*Required work*
Your task is to give the data again, exactly, with every line intact.

Collected data:
⁂
lemma emp_ref_prior_param_transform_iff:
  assumes P: "\<forall>\<pi>\<in>P. \<forall>\<theta>. \<theta> \<notin> A \<longrightarrow> \<pi> \<theta> = 0" and \<pi>: "\<forall>\<theta>. \<theta> \<notin> A \<longrightarrow> \<pi> \<theta> = 0"
  shows "emp_ref_prior X A p P xs \<gamma> \<pi> \<longleftrightarrow>
    emp_ref_prior X B (param_transform \<phi> A p) (push_density \<phi> A ` P) xs \<gamma> (push_density \<phi> A \<pi>)"
proof -
  have "push_density \<phi> A \<pi> \<in> push_density \<phi> A ` P \<longleftrightarrow> \<pi> \<in> P"
    using push_density_inj[OF \<pi>] P by blast
  then show ?thesis
    unfolding emp_ref_prior_def
    by (simp add: proper_density_push_density_iff mmi_objective_param_transform)
qed

subsection \<open>Transformation of the data\<close>

lemma prod_jac_pos: "y \<in> space (rep_space k (lebesgue_on B)) \<Longrightarrow> 0 < (\<Prod>i<k. jac (y i))"
  using jac_pos by (intro prod_pos) (auto simp: space_PiM rep_space_def)

lemma integral_rep_space_transform:
  fixes H :: "(nat \<Rightarrow> real^'m) \<Rightarrow> real"
  shows "(\<integral>y. (\<Prod>i<k. jac (y i)) * H (\<lambda>i\<in>{..<k}. \<phi>_inv (y i)) \<partial>rep_space k (lebesgue_on B))
    = (\<integral>x. H x \<partial>rep_space k (lebesgue_on A))"
  unfolding rep_space_def
proof (rule integral_distr_density_inverse)
  show "distr (density (PiM {..<k} (\<lambda>_. lebesgue_on B)) (\<lambda>y. ennreal (\<Prod>i<k. jac (y i))))
      (PiM {..<k} (\<lambda>_. lebesgue_on A)) (\<lambda>y. \<lambda>i\<in>{..<k}. \<phi>_inv (y i)) = PiM {..<k} (\<lambda>_. lebesgue_on A)"
    using sigma_finite_lebesgue_on[OF A_lebesgue] sigma_finite_lebesgue_on[OF B_lebesgue]
      distr_density_jac measurable_\<phi>_inv measurable_jac jac_pos
    by (intro distr_density_PiM) (auto simp: less_imp_le)
  show "(\<lambda>y. \<Prod>i<k. jac (y i)) \<in> borel_measurable (PiM {..<k} (\<lambda>_. lebesgue_on B))"
    using measurable_jac by (intro borel_measurable_prod)
      (auto intro: measurable_compose[OF measurable_component_singleton])
  show "0 < (\<Prod>i<k. jac (y i))" if "y \<in> space (PiM {..<k} (\<lambda>_. lebesgue_on B))" for y
    using prod_jac_pos that by (simp add: rep_space_def)
  show "(\<lambda>i\<in>{..<k}. \<phi>_inv ((\<lambda>i\<in>{..<k}. \<phi> (x i)) i)) = x"
    if "x \<in> space (PiM {..<k} (\<lambda>_. lebesgue_on A))" for x
    using that by (auto simp: space_PiM PiE_iff fun_eq_iff extensional_def)
qed (use measurable_PiM_compose_components measurable_\<phi> measurable_\<phi>_inv in blast)+

lemma rep_model_data_transform:
  "rep_model k (data_transform \<phi> A p) y \<theta> = (\<Prod>i<k. jac (y i)) * rep_model k p (\<lambda>i\<in>{..<k}. \<phi>_inv (y i)) \<theta>"
  by (simp add: rep_model_def data_transform_def prod.distrib)

lemma exp_info_data_transform:
  "exp_info (rep_space k (lebesgue_on B)) \<Theta> (rep_model k (data_transform \<phi> A p)) \<pi>
    = exp_info (rep_space k (lebesgue_on A)) \<Theta> (rep_model k p) \<pi>"
proof -
  let ?q = "rep_model k (data_transform \<phi> A p)" and ?m = "pmarg \<Theta> (rep_model k p) \<pi>"
  let ?F = "\<lambda>\<theta> x. \<pi> \<theta> * rep_model k p x \<theta> * ln (rep_model k p x \<theta> / ?m x)"
  have pmarg_eq: "pmarg \<Theta> ?q \<pi> y = (\<Prod>i<k. jac (y i)) * ?m (\<lambda>i\<in>{..<k}. \<phi>_inv (y i))" for y
    by (simp add: pmarg_def rep_model_data_transform mult.assoc)
  text \<open>The Jacobian factors cancel inside the logarithm; the one in front is absorbed by the
    change of variables on the replicated data space.\<close>
  have "(\<integral>y. \<pi> \<theta> * ?q y \<theta> * ln (?q y \<theta> / pmarg \<Theta> ?q \<pi> y) \<partial>rep_space k (lebesgue_on B))
      = (\<integral>x. ?F \<theta> x \<partial>rep_space k (lebesgue_on A))" for \<theta>
  proof -
    have "(\<integral>y. \<pi> \<theta> * ?q y \<theta> * ln (?q y \<theta> / pmarg \<Theta> ?q \<pi> y) \<partial>rep_space k (lebesgue_on B))
        = (\<integral>y. (\<Prod>i<k. jac (y i)) * ?F \<theta> (\<lambda>i\<in>{..<k}. \<phi>_inv (y i)) \<partial>rep_space k (lebesgue_on B))"
      using prod_jac_pos
      by (intro Bochner_Integration.integral_cong) (simp_all add: rep_model_data_transform pmarg_eq)
    also have "\<dots> = (\<integral>x. ?F \<theta> x \<partial>rep_space k (lebesgue_on A))"
      by (rule integral_rep_space_transform)
    finally show ?thesis .
  qed
  then show ?thesis
    by (simp add: exp_info_def)
qed

lemma log_marg_lik_data_transform:
  assumes "set xs \<subseteq> A"
  shows "log_marg_lik \<Theta> (data_transform \<phi> A p) \<pi> (map \<phi> xs)
    = log_marg_lik \<Theta> p \<pi> xs + ereal (ln (\<Prod>x\<leftarrow>xs. jac (\<phi> x)))"
proof -
  have pmarg_eq: "pmarg \<Theta> (data_transform \<phi> A p) \<pi> (\<phi> x) = jac (\<phi> x) * pmarg \<Theta> p \<pi> x" if "x \<in> A" for x
    using that by (simp add: pmarg_def data_transform_def mult.assoc)
  have "marg_lik \<Theta> (data_transform \<phi> A p) \<pi> (map \<phi> xs) = (\<Prod>x\<leftarrow>xs. jac (\<phi> x)) * marg_lik \<Theta> p \<pi> xs"
    using assms by (induction xs) (auto simp: marg_lik_def pmarg_eq)
  moreover have "0 < (\<Prod>x\<leftarrow>xs. jac (\<phi> x))"
    using assms by (induction xs) (auto intro!: mult_pos_pos jac_pos \<phi>_in)
  ultimately show ?thesis
    by (auto simp: log_marg_lik_def zero_less_mult_iff ln_mult)
qed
⁂
*Output*
lemma emp_ref_prior_param_transform_iff:
  assumes P: "\<forall>\<pi>\<in>P. \<forall>\<theta>. \<theta> \<notin> A \<longrightarrow> \<pi> \<theta> = 0" and \<pi>: "\<forall>\<theta>. \<theta> \<notin> A \<longrightarrow> \<pi> \<theta> = 0"
  shows "emp_ref_prior X A p P xs \<gamma> \<pi> \<longleftrightarrow>
    emp_ref_prior X B (param_transform \<phi> A p) (push_density \<phi> A ` P) xs \<gamma> (push_density \<phi> A \<pi>)"
proof -
  have "push_density \<phi> A \<pi> \<in> push_density \<phi> A ` P \<longleftrightarrow> \<pi> \<in> P"
    using push_density_inj[OF \<pi>] P by blast
  then show ?thesis
    unfolding emp_ref_prior_def
    by (simp add: proper_density_push_density_iff mmi_objective_param_transform)
qed

subsection \<open>Transformation of the data\<close>

lemma prod_jac_pos: "y \<in> space (rep_space k (lebesgue_on B)) \<Longrightarrow> 0 < (\<Prod>i<k. jac (y i))"
  using jac_pos by (intro prod_pos) (auto simp: space_PiM rep_space_def)

lemma integral_rep_space_transform:
  fixes H :: "(nat \<Rightarrow> real^'m) \<Rightarrow> real"
  shows "(\<integral>y. (\<Prod>i<k. jac (y i)) * H (\<lambda>i\<in>{..<k}. \<phi>_inv (y i)) \<partial>rep_space k (lebesgue_on B))
    = (\<integral>x. H x \<partial>rep_space k (lebesgue_on A))"
  unfolding rep_space_def
proof (rule integral_distr_density_inverse)
  show "distr (density (PiM {..<k} (\<lambda>_. lebesgue_on B)) (\<lambda>y. ennreal (\<Prod>i<k. jac (y i))))
      (PiM {..<k} (\<lambda>_. lebesgue_on A)) (\<lambda>y. \<lambda>i\<in>{..<k}. \<phi>_inv (y i)) = PiM {..<k} (\<lambda>_. lebesgue_on A)"
    using sigma_finite_lebesgue_on[OF A_lebesgue] sigma_finite_lebesgue_on[OF B_lebesgue]
      distr_density_jac measurable_\<phi>_inv measurable_jac jac_pos
    by (intro distr_density_PiM) (auto simp: less_imp_le)
  show "(\<lambda>y. \<Prod>i<k. jac (y i)) \<in> borel_measurable (PiM {..<k} (\<lambda>_. lebesgue_on B))"
    using measurable_jac by (intro borel_measurable_prod)
      (auto intro: measurable_compose[OF measurable_component_singleton])
  show "0 < (\<Prod>i<k. jac (y i))" if "y \<in> space (PiM {..<k} (\<lambda>_. lebesgue_on B))" for y
    using prod_jac_pos that by (simp add: rep_space_def)
  show "(\<lambda>i\<in>{..<k}. \<phi>_inv ((\<lambda>i\<in>{..<k}. \<phi> (x i)) i)) = x"
    if "x \<in> space (PiM {..<k} (\<lambda>_. lebesgue_on A))" for x
    using that by (auto simp: space_PiM PiE_iff fun_eq_iff extensional_def)
qed (use measurable_PiM_compose_components measurable_\<phi> measurable_\<phi>_inv in blast)+

lemma rep_model_data_transform:
  "rep_model k (data_transform \<phi> A p) y \<theta> = (\<Prod>i<k. jac (y i)) * rep_model k p (\<lambda>i\<in>{..<k}. \<phi>_inv (y i)) \<theta>"
  by (simp add: rep_model_def data_transform_def prod.distrib)

lemma exp_info_data_transform:
  "exp_info (rep_space k (lebesgue_on B)) \<Theta> (rep_model k (data_transform \<phi> A p)) \<pi>
    = exp_info (rep_space k (lebesgue_on A)) \<Theta> (rep_model k p) \<pi>"
proof -
  let ?q = "rep_model k (data_transform \<phi> A p)" and ?m = "pmarg \<Theta> (rep_model k p) \<pi>"
  let ?F = "\<lambda>\<theta> x. \<pi> \<theta> * rep_model k p x \<theta> * ln (rep_model k p x \<theta> / ?m x)"
  have pmarg_eq: "pmarg \<Theta> ?q \<pi> y = (\<Prod>i<k. jac (y i)) * ?m (\<lambda>i\<in>{..<k}. \<phi>_inv (y i))" for y
    by (simp add: pmarg_def rep_model_data_transform mult.assoc)
  text \<open>The Jacobian factors cancel inside the logarithm; the one in front is absorbed by the
    change of variables on the replicated data space.\<close>
  have "(\<integral>y. \<pi> \<theta> * ?q y \<theta> * ln (?q y \<theta> / pmarg \<Theta> ?q \<pi> y) \<partial>rep_space k (lebesgue_on B))
      = (\<integral>x. ?F \<theta> x \<partial>rep_space k (lebesgue_on A))" for \<theta>
  proof -
    have "(\<integral>y. \<pi> \<theta> * ?q y \<theta> * ln (?q y \<theta> / pmarg \<Theta> ?q \<pi> y) \<partial>rep_space k (lebesgue_on B))
        = (\<integral>y. (\<Prod>i<k. jac (y i)) * ?F \<theta> (\<lambda>i\<in>{..<k}. \<phi>_inv (y i)) \<partial>rep_space k (lebesgue_on B))"
      using prod_jac_pos
      by (intro Bochner_Integration.integral_cong) (simp_all add: rep_model_data_transform pmarg_eq)
    also have "\<dots> = (\<integral>x. ?F \<theta> x \<partial>rep_space k (lebesgue_on A))"
      by (rule integral_rep_space_transform)
    finally show ?thesis .
  qed
  then show ?thesis
    by (simp add: exp_info_def)
qed

lemma log_marg_lik_data_transform:
  assumes "set xs \<subseteq> A"
  shows "log_marg_lik \<Theta> (data_transform \<phi> A p) \<pi> (map \<phi> xs)
    = log_marg_lik \<Theta> p \<pi> xs + ereal (ln (\<Prod>x\<leftarrow>xs. jac (\<phi> x)))"
proof -
  have pmarg_eq: "pmarg \<Theta> (data_transform \<phi> A p) \<pi> (\<phi> x) = jac (\<phi> x) * pmarg \<Theta> p \<pi> x" if "x \<in> A" for x
    using that by (simp add: pmarg_def data_transform_def mult.assoc)
  have "marg_lik \<Theta> (data_transform \<phi> A p) \<pi> (map \<phi> xs) = (\<Prod>x\<leftarrow>xs. jac (\<phi> x)) * marg_lik \<Theta> p \<pi> xs"
    using assms by (induction xs) (auto simp: marg_lik_def pmarg_eq)
  moreover have "0 < (\<Prod>x\<leftarrow>xs. jac (\<phi> x))"
    using assms by (induction xs) (auto intro!: mult_pos_pos jac_pos \<phi>_in)
  ultimately show ?thesis
    by (auto simp: log_marg_lik_def zero_less_mult_iff ln_mult)
qed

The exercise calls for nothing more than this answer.